- [Action item]: Once you find the line with "proof (rule ccontr)" in the data that follows, repeat it and every line after it exactly, through the line with "by unfold_locales (use".

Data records

════

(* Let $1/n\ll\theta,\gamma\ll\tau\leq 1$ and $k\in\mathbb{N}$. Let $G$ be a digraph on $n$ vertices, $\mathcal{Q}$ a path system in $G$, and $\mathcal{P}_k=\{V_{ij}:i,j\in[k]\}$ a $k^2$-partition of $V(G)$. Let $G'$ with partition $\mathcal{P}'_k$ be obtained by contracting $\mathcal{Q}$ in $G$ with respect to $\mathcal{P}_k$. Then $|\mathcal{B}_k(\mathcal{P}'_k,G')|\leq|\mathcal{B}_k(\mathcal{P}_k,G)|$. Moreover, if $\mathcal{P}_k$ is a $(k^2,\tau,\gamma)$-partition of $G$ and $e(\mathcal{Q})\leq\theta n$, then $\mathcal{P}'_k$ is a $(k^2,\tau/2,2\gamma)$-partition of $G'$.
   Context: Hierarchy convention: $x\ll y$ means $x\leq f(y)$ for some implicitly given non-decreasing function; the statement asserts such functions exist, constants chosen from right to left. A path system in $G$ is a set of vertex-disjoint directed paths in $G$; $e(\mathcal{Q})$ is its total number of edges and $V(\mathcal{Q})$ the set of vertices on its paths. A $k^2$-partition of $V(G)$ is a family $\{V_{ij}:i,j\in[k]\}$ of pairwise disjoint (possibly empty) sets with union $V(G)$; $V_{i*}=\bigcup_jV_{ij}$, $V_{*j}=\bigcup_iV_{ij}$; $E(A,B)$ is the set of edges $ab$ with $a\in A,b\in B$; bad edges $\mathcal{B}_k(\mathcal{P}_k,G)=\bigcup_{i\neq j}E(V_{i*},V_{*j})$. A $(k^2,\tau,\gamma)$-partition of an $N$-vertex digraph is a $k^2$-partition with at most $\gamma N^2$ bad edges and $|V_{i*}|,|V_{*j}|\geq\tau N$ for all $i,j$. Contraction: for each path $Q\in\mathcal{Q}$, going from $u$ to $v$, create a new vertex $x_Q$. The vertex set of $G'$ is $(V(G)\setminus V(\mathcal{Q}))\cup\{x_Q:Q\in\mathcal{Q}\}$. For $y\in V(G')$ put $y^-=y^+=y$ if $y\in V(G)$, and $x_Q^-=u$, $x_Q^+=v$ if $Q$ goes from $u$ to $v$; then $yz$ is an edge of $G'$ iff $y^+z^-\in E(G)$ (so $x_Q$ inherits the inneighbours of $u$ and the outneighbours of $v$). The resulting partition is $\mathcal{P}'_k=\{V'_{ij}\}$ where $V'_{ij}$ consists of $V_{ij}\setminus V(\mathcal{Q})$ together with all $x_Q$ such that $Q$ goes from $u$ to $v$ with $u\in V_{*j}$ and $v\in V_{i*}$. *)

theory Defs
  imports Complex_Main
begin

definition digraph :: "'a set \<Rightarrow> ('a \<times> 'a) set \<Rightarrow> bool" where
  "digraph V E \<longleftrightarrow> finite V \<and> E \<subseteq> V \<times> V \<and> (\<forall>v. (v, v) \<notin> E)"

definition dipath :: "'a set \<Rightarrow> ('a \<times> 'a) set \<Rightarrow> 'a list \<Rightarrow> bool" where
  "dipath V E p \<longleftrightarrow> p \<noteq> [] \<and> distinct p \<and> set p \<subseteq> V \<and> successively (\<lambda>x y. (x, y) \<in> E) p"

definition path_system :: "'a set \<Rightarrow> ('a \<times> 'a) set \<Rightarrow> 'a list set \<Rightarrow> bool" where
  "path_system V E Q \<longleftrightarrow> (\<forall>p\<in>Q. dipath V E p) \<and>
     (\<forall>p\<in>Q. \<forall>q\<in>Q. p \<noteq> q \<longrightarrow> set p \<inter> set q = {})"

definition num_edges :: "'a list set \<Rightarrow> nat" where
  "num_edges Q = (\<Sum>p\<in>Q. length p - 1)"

════

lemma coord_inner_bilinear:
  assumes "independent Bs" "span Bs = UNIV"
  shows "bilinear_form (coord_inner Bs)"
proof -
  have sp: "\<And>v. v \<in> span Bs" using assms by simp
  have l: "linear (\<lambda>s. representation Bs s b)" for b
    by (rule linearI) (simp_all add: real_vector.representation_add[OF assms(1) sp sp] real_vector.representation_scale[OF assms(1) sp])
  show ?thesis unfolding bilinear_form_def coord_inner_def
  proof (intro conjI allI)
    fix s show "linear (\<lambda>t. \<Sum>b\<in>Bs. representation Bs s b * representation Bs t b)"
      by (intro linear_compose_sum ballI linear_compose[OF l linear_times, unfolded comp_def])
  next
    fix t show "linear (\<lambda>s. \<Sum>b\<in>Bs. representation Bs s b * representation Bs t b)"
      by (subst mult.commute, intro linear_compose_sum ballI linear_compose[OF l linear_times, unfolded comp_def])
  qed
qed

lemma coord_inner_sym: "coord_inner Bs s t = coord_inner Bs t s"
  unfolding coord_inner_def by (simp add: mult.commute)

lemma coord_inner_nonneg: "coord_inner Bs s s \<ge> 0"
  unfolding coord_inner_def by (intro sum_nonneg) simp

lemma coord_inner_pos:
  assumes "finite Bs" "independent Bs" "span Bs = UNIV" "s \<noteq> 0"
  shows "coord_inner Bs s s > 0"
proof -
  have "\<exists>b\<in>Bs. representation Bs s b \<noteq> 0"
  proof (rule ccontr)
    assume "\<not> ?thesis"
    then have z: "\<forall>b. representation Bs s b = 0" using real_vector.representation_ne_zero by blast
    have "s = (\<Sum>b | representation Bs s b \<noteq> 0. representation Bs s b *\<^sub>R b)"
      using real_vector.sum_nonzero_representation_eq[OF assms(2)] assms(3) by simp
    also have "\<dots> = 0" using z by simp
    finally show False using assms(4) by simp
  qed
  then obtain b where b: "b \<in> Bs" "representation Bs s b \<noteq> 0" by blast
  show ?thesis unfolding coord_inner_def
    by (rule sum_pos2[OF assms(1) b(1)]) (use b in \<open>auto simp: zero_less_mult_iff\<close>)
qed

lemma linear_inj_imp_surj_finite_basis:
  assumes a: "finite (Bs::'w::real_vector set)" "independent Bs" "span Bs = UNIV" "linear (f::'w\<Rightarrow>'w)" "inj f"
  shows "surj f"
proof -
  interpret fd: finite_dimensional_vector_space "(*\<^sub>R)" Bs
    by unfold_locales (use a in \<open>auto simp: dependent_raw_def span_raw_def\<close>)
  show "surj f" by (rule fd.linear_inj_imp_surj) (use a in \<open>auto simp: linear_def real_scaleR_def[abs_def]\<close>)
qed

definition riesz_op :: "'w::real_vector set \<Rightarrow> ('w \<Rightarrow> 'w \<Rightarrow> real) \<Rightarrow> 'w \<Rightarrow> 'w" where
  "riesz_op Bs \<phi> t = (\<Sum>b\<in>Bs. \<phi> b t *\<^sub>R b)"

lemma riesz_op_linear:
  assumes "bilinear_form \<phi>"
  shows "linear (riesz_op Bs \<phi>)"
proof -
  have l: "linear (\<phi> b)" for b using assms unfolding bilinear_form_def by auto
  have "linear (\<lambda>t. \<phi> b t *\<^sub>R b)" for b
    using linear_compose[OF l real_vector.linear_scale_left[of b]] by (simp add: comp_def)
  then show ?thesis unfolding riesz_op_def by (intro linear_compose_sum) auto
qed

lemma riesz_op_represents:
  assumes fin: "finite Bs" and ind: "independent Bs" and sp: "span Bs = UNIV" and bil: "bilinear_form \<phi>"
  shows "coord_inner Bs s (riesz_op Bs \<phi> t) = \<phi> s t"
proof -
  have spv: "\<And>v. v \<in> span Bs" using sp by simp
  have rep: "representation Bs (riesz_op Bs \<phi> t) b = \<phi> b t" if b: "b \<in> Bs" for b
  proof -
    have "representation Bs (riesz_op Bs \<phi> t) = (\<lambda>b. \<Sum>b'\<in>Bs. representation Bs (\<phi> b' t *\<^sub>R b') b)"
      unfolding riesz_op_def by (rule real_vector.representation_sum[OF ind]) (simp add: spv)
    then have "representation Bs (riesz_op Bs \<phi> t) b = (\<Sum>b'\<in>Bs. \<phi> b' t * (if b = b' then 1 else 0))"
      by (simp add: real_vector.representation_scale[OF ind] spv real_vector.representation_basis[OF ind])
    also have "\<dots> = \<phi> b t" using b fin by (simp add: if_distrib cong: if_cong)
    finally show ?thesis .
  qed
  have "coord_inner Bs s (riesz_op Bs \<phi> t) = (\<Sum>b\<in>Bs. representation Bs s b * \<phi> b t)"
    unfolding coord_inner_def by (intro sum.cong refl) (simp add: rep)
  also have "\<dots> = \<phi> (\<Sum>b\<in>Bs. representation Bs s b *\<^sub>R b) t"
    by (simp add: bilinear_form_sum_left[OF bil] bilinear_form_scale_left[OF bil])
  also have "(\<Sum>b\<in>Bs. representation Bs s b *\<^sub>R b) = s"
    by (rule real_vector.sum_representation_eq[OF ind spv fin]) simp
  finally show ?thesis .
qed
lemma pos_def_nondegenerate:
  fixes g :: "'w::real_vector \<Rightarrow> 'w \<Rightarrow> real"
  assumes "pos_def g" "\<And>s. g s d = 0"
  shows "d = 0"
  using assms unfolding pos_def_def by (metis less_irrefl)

════

- [Exercise solution]:
  proof (rule ccontr)
    assume "\<not> ?thesis"
    then have z: "\<forall>b. representation Bs s b = 0" using real_vector.representation_ne_zero by blast
    have "s = (\<Sum>b | representation Bs s b \<noteq> 0. representation Bs s b *\<^sub>R b)"
      using real_vector.sum_nonzero_representation_eq[OF assms(2)] assms(3) by simp
    also have "\<dots> = 0" using z by simp
    finally show False using assms(4) by simp
  qed
  then obtain b where b: "b \<in> Bs" "representation Bs s b \<noteq> 0" by blast
  show ?thesis unfolding coord_inner_def
    by (rule sum_pos2[OF assms(1) b(1)]) (use b in \<open>auto simp: zero_less_mult_iff\<close>)
qed

lemma linear_inj_imp_surj_finite_basis:
  assumes a: "finite (Bs::'w::real_vector set)" "independent Bs" "span Bs = UNIV" "linear (f::'w\<Rightarrow>'w)" "inj f"
  shows "surj f"
proof -
  interpret fd: finite_dimensional_vector_space "(*\<^sub>R)" Bs
    by unfold_locales (use a in \<open>auto simp: dependent_raw_def span_raw_def\<close>)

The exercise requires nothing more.